There is a certain point where mine can't quite make up it's mind while accelerating too. I think it's more of an electronic thing than the line pressure control. The way I drive mine to avoid this is I leave the ECT button on 'normal' all the time. This achieves torque converter lock-up as low as possible. I have my OD switch off at first. I start off with the shifter in 2nd position. This gives it nice strong shifting from 1st to 2nd. When the rpms get up there, I shift it into Drive (3rd). Then I keep accelerating until I'm ready for Over Drive (4th). I hit the OD button to let it go to fourth. Basically I manual shift it. Works awesome. When I hit big hills I hit the OD button again to drop into 3rd if I need to. This gives me power, and the trans stays in lock up in 3rd down to 70km/h or so. Lock-up means less heat from the torque converter, and more power to the ground.
 
Odd Auto behavior is also associated with an ECU that needs recapping.

Not sure if this is the same symptom, but KZJ78 would 'hunt' for gears at 80km unloaded, flat road - i.e couldn't 'decide' between gears.
 
Tried to fix the "CABLE" a lot of times (different) settings things change but after 10 - 15 mins of driving the shifting "STOPS" , I am thinking of changing the transmission, it is hard to find a 2LTE transmission in Canada, what other Toyota Transmission can I get in there will a one from Toyota 4 Runner (Gas Version) work (Auto) any writeup's / Diagrams / Advise is HIGHLY Appreciated and WELCOME
 
Tried to fix the "CABLE" a lot of times (different) settings things change but after 10 - 15 mins of driving the shifting "STOPS" , I am thinking of changing the transmission, it is hard to find a 2LTE transmission in Canada, what other Toyota Transmission can I get in there will a one from Toyota 4 Runner (Gas Version) work (Auto) any writeup's / Diagrams / Advise is HIGHLY Appreciated and WELCOME

I would not write it off just yet. How does the fluid look? Are the clutches burnt out? Have you inspected the ECU for capacitor problems? Have you done any troubleshooting of the valve body etc? Have you searched on the forums for others who have experienced similar issues? I have seen a number of threads come up relating to A343F issues in 70 series Prados. Basically everything (from memory) was related to either the ECU capacitors or valve body solenoids. These are really good transmissions generally, and the whole thing does not just fail usually unless overheated or other major miss-treatment.
 
I would not write it off just yet. How does the fluid look? Are the clutches burnt out? Have you inspected the ECU for capacitor problems? Have you done any troubleshooting of the valve body etc? Have you searched on the forums for others who have experienced similar issues? I have seen a number of threads come up relating to A343F issues in 70 series Prados. Basically everything (from memory) was related to either the ECU capacitors or valve body solenoids. These are really good transmissions generally, and the whole thing does not just fail usually unless overheated or other major miss-treatment.

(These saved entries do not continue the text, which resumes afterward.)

lemma cyclic_layout_eq_Some:
  assumes "0 < s" "s \<le> n" "cyclic_layout s n N \<Phi> t i j = Some g"
  obtains p where "p < N" "i = p div s" "j = p mod n" "g = \<Phi> (t, p)"
proof -
  obtain p where p: "p < N" "i = p div s" "j = p mod n"
    using assms(3) unfolding cyclic_layout_def by (auto split: if_splits)
  moreover have "g = \<Phi> (t, p)"
    using assms(3) unfolding p(2,3) cyclic_layout_position[OF assms(1,2) p(1)] by simp
  ultimately show ?thesis
    using that by blast
qed

lemma cyclic_layout_row:
  assumes "0 < s" "s \<le> n"
  shows "{j. j < n \<and> cyclic_layout s n N \<Phi> t i j \<noteq> None} = (\<lambda>p. p mod n) ` {p \<in> {..<N}. p div s = i}"
proof (intro equalityI subsetI)
  fix j assume "j \<in> {j. j < n \<and> cyclic_layout s n N \<Phi> t i j \<noteq> None}"
  then obtain p where "p < N" "i = p div s" "j = p mod n"
    by (auto elim: cyclic_layout_eq_Some[OF assms])
  then show "j \<in> (\<lambda>p. p mod n) ` {p \<in> {..<N}. p div s = i}"
    by blast
next
  fix j assume "j \<in> (\<lambda>p. p mod n) ` {p \<in> {..<N}. p div s = i}"
  then obtain p where p: "p < N" "i = p div s" "j = p mod n"
    by blast
  then show "j \<in> {j. j < n \<and> cyclic_layout s n N \<Phi> t i j \<noteq> None}"
    unfolding p(2,3) using assms cyclic_layout_position[OF assms p(1)] mod_less_divisor[of n p] by blast
qed

lemma cyclic_layout_column:
  assumes "0 < s" "s \<le> n" "N \<le> m * s"
  shows "{i. i < m \<and> cyclic_layout s n N \<Phi> t i j \<noteq> None} = (\<lambda>p. p div s) ` {p \<in> {..<N}. p mod n = j}"
proof (intro equalityI subsetI)
  fix i assume "i \<in> {i. i < m \<and> cyclic_layout s n N \<Phi> t i j \<noteq> None}"
  then obtain p where "p < N" "i = p div s" "j = p mod n"
    by (auto elim: cyclic_layout_eq_Some[OF assms(1,2)])
  then show "i \<in> (\<lambda>p. p div s) ` {p \<in> {..<N}. p mod n = j}"
    by blast
next
  fix i assume "i \<in> (\<lambda>p. p div s) ` {p \<in> {..<N}. p mod n = j}"
  then obtain p where p: "p < N" "i = p div s" "j = p mod n"
    by blast
  have "p div s < m"
    using p(1) assms by (simp add: div_less_iff_less_mult)
  then show "i \<in> {i. i < m \<and> cyclic_layout s n N \<Phi> t i j \<noteq> None}"
    unfolding p(2,3) using cyclic_layout_position[OF assms(1,2) p(1)] by blast
qed

locale paired_cyclic_layout = comm_group +
  fixes m n s k c :: nat and \<Phi> :: "nat \<times> nat \<Rightarrow> 'a" and H V :: "nat \<Rightarrow> nat" and \<omega> \<delta> :: 'a
  assumes s_pos: "0 < s" and s_le_n: "s \<le> n" and dimensions: "m * s = n * k"
    and bij: "bij_betw \<Phi> ({..<c} \<times> {..<n * k}) (carrier G)"
    and H_involution: "fixpoint_free_involution_on H {..<n * k}"
    and H_row: "\<And>p. p < n * k \<Longrightarrow> H p div s = p div s"
    and V_involution: "fixpoint_free_involution_on V {..<n * k}"
    and V_column: "\<And>p. p < n * k \<Longrightarrow> V p mod n = p mod n"
    and \<omega>_closed: "\<omega> \<in> carrier G" and H_pairs: "\<And>t p. t < c \<Longrightarrow> p < n * k \<Longrightarrow> \<Phi> (t, p) \<otimes> \<Phi> (t, H p) = \<omega>"
    and \<delta>_closed: "\<delta> \<in> carrier G" and V_pairs: "\<And>t p. t < c \<Longrightarrow> p < n * k \<Longrightarrow> \<Phi> (t, p) \<otimes> \<Phi> (t, V p) = \<delta>"
begin

abbreviation layout :: "nat \<Rightarrow> nat \<Rightarrow> nat \<Rightarrow> 'a option" where
  "layout \<equiv> cyclic_layout s n (n * k) \<Phi>"

lemma \<Phi>_closed: "t < c \<Longrightarrow> p < n * k \<Longrightarrow> \<Phi> (t, p) \<in> carrier G"
  using bij by (auto simp: bij_betw_def)

lemma layout_position: "p < n * k \<Longrightarrow> layout t (p div s) (p mod n) = Some (\<Phi> (t, p))"
  using s_pos s_le_n by (rule cyclic_layout_position)

lemma row_filled: "{j. j < n \<and> layout t i j \<noteq> None} = (\<lambda>p. p mod n) ` {p \<in> {..<n * k}. p div s = i}"
  using s_pos s_le_n by (rule cyclic_layout_row)

lemma column_filled: "{i. i < m \<and> layout t i j \<noteq> None} = (\<lambda>p. p div s) ` {p \<in> {..<n * k}. p mod n = j}"
  using s_pos s_le_n eq_imp_le[OF dimensions[symmetric]] by (rule cyclic_layout_column)

lemma inj_on_row: "inj_on (\<lambda>p. p mod n) {p \<in> {..<n * k}. p div s = i}"
  by (auto simp: inj_on_def intro: cyclic_position_eqI[OF s_pos s_le_n])

lemma inj_on_column: "inj_on (\<lambda>p. p div s) {p \<in> {..<n * k}. p mod n = j}"
  by (auto simp: inj_on_def intro: cyclic_position_eqI[OF s_pos s_le_n])

lemma card_row_filled: "i < m \<Longrightarrow> card {j. j < n \<and> layout t i j \<noteq> None} = s"
  unfolding row_filled card_image[OF inj_on_row] using card_row_positions[of i m s] dimensions by simp

lemma card_column_filled: "j < n \<Longrightarrow> card {i. i < m \<and> layout t i j \<noteq> None} = k"
  unfolding column_filled card_image[OF inj_on_column] using card_column_positions[of j n k] by simp

lemma row_prod:
  assumes "t < c" "i < m"
  shows "finprod G (\<lambda>j. the (layout t i j)) {j. j < n \<and> layout t i j \<noteq> None} = \<omega> [^] (s div 2)"
proof -
  have "finprod G (\<lambda>j. the (layout t i j)) {j. j < n \<and> layout t i j \<noteq> None}
      = finprod G (\<lambda>p. \<Phi> (t, p)) {p \<in> {..<n * k}. p div s = i}"
    unfolding row_filled using inj_on_row layout_position \<Phi>_closed assms(1)
    by (intro finprod_the_image) auto
  also have "\<dots> = \<omega> [^] (card {p \<in> {..<n * k}. p div s = i} div 2)"
    using H_involution H_row H_pairs \<omega>_closed \<Phi>_closed assms(1)
    by (intro finprod_fixpoint_free_involution[where \<pi> = H] fixpoint_free_involution_on_fibre) auto
  finally show ?thesis
    using card_row_positions[OF assms(2), of s] dimensions by simp
qed

lemma column_prod:
  assumes "t < c" "j < n"
  shows "finprod G (\<lambda>i. the (layout t i j)) {i. i < m \<and> layout t i j \<noteq> None} = \<delta> [^] (k div 2)"
proof -
  have "finprod G (\<lambda>i. the (layout t i j)) {i. i < m \<and> layout t i j \<noteq> None}
      = finprod G (\<lambda>p. \<Phi> (t, p)) {p \<in> {..<n * k}. p mod n = j}"
    unfolding column_filled using inj_on_column layout_position \<Phi>_closed assms(1)
    by (intro finprod_the_image) auto
  also have "\<dots> = \<delta> [^] (card {p \<in> {..<n * k}. p mod n = j} div 2)"
    using V_involution V_column V_pairs \<delta>_closed \<Phi>_closed assms(1)
    by (intro finprod_fixpoint_free_involution[where \<pi> = V] fixpoint_free_involution_on_fibre) auto
  finally show ?thesis
    using card_column_positions[OF assms(2), of k] by simp
qed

I agree. The capacitors in the ECU will fail eventually. I would isolate that problem before going down the solenoid route. While the cable is important, mine was so far out of adjustment I think any noticeable difference is negligible.

Its very obvious if the caps are bad - they'll be swollen, with a 'domed' top, and there'll be black ooze on the board. This fault is so common that there's a company in NZ that offers the repair as one of their 'stock' services. A competent electronics repairer will find it super easy to fix.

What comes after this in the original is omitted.